→ Dataset excerpts:
-------
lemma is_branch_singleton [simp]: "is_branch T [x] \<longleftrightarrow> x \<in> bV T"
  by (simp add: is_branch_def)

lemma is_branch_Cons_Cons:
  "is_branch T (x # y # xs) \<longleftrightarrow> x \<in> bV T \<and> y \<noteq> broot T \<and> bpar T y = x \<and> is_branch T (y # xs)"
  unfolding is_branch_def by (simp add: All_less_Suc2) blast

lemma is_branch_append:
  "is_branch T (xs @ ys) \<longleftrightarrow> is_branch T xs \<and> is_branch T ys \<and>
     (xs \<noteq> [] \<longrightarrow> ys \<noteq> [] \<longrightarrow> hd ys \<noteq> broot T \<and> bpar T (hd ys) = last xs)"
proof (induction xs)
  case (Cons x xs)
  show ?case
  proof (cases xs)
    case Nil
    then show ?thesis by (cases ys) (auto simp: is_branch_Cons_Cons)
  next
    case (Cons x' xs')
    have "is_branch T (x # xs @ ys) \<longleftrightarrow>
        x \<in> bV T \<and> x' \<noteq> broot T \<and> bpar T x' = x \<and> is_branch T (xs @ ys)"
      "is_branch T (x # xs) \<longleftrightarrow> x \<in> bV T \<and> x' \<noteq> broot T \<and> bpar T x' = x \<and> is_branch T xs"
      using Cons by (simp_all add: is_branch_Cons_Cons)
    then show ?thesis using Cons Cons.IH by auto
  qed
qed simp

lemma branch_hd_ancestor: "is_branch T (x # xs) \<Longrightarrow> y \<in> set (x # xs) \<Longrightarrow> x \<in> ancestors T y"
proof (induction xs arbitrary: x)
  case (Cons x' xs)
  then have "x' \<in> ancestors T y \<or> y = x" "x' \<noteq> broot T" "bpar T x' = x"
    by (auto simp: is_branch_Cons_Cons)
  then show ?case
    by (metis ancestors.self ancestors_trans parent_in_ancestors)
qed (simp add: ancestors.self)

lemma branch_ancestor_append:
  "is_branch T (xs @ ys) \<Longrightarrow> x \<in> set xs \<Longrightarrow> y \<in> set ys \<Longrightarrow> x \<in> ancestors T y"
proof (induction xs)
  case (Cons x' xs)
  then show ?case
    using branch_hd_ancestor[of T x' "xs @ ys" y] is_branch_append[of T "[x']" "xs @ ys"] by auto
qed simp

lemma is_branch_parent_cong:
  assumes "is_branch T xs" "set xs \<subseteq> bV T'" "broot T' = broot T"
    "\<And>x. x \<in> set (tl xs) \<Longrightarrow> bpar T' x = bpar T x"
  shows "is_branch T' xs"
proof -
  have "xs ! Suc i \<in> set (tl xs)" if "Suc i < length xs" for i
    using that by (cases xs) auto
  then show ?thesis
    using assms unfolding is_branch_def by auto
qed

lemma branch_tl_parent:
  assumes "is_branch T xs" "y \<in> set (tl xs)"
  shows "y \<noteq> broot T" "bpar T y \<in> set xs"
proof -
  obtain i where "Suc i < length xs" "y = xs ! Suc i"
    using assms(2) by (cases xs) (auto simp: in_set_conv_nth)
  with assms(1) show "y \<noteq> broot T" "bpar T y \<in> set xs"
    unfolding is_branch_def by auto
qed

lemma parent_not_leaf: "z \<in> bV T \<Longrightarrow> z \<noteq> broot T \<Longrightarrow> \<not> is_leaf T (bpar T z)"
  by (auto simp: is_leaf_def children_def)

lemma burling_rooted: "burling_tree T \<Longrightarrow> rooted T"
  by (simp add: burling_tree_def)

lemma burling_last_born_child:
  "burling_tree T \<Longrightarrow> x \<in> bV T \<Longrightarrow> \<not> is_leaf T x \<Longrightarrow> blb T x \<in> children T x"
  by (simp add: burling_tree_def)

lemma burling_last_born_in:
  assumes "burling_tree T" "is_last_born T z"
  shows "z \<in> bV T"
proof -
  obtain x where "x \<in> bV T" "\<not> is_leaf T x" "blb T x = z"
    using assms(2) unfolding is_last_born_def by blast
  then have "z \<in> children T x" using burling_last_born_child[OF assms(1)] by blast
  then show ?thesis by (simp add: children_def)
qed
-------
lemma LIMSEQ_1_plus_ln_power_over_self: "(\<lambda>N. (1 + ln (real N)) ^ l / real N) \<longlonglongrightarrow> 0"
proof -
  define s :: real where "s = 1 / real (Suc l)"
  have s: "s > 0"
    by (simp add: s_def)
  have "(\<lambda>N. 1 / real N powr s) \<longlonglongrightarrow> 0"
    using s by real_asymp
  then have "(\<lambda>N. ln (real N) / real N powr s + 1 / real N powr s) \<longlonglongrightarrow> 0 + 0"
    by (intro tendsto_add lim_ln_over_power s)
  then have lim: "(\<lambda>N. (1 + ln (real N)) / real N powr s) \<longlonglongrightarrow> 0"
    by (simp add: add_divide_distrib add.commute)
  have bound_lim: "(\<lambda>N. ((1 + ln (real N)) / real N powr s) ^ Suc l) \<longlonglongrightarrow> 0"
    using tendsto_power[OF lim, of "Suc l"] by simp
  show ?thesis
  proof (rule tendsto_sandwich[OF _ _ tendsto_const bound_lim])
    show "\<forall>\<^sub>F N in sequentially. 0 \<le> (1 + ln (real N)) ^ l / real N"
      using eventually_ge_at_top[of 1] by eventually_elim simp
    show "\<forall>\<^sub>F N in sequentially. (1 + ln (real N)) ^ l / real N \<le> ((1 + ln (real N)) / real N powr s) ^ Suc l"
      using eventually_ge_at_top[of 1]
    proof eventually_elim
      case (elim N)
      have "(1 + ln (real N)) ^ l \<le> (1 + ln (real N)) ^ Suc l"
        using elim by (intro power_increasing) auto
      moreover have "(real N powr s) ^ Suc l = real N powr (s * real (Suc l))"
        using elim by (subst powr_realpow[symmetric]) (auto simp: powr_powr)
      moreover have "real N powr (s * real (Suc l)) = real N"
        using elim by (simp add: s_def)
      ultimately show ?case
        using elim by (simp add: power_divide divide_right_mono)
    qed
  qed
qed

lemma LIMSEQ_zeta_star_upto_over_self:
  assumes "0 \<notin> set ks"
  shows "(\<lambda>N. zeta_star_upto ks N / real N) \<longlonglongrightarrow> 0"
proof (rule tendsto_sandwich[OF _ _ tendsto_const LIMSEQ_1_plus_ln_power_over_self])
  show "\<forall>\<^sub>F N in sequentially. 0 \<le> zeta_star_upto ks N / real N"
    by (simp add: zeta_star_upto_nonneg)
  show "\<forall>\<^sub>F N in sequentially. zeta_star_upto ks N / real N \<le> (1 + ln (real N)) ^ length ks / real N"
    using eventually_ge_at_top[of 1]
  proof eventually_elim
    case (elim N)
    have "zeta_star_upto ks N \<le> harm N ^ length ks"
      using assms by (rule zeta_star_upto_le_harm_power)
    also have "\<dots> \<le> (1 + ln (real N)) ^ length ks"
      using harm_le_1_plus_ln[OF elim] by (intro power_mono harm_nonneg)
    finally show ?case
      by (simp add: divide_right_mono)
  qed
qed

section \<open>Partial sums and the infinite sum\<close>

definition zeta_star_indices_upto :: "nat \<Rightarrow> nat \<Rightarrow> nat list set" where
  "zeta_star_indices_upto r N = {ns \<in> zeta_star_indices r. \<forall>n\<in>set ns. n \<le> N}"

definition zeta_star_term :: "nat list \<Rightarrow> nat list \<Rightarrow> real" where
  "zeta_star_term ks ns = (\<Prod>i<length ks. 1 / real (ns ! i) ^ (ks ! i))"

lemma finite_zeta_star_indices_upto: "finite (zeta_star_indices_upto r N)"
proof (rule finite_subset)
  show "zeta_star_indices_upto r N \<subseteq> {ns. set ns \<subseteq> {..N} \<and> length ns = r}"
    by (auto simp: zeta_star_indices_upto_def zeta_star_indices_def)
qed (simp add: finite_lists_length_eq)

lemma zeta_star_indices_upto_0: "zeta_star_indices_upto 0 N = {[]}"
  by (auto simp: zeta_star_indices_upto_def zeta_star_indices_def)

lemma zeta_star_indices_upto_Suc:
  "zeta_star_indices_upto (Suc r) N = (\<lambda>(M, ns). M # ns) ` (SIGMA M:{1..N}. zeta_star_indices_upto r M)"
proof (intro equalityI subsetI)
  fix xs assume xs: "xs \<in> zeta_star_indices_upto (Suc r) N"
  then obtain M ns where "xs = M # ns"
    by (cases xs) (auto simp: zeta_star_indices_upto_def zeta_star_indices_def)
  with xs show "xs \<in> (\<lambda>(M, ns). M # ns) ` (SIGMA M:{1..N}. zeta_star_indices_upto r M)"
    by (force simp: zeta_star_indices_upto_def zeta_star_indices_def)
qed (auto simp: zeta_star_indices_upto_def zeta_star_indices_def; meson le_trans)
-------
→ Required action: An exact copy of the lines above, from the one containing "then obtain M" through the one containing "qed (auto simp: zeta_star_indices_upto_def", is the whole of the answer.

→ Answer box:
  then obtain M ns where "xs = M # ns"
    by (cases xs) (auto simp: zeta_star_indices_upto_def zeta_star_indices_def)
  with xs show "xs \<in> (\<lambda>(M, ns). M # ns) ` (SIGMA M:{1..N}. zeta_star_indices_upto r M)"
    by (force simp: zeta_star_indices_upto_def zeta_star_indices_def)
qed (auto simp: zeta_star_indices_upto_def zeta_star_indices_def; meson le_trans)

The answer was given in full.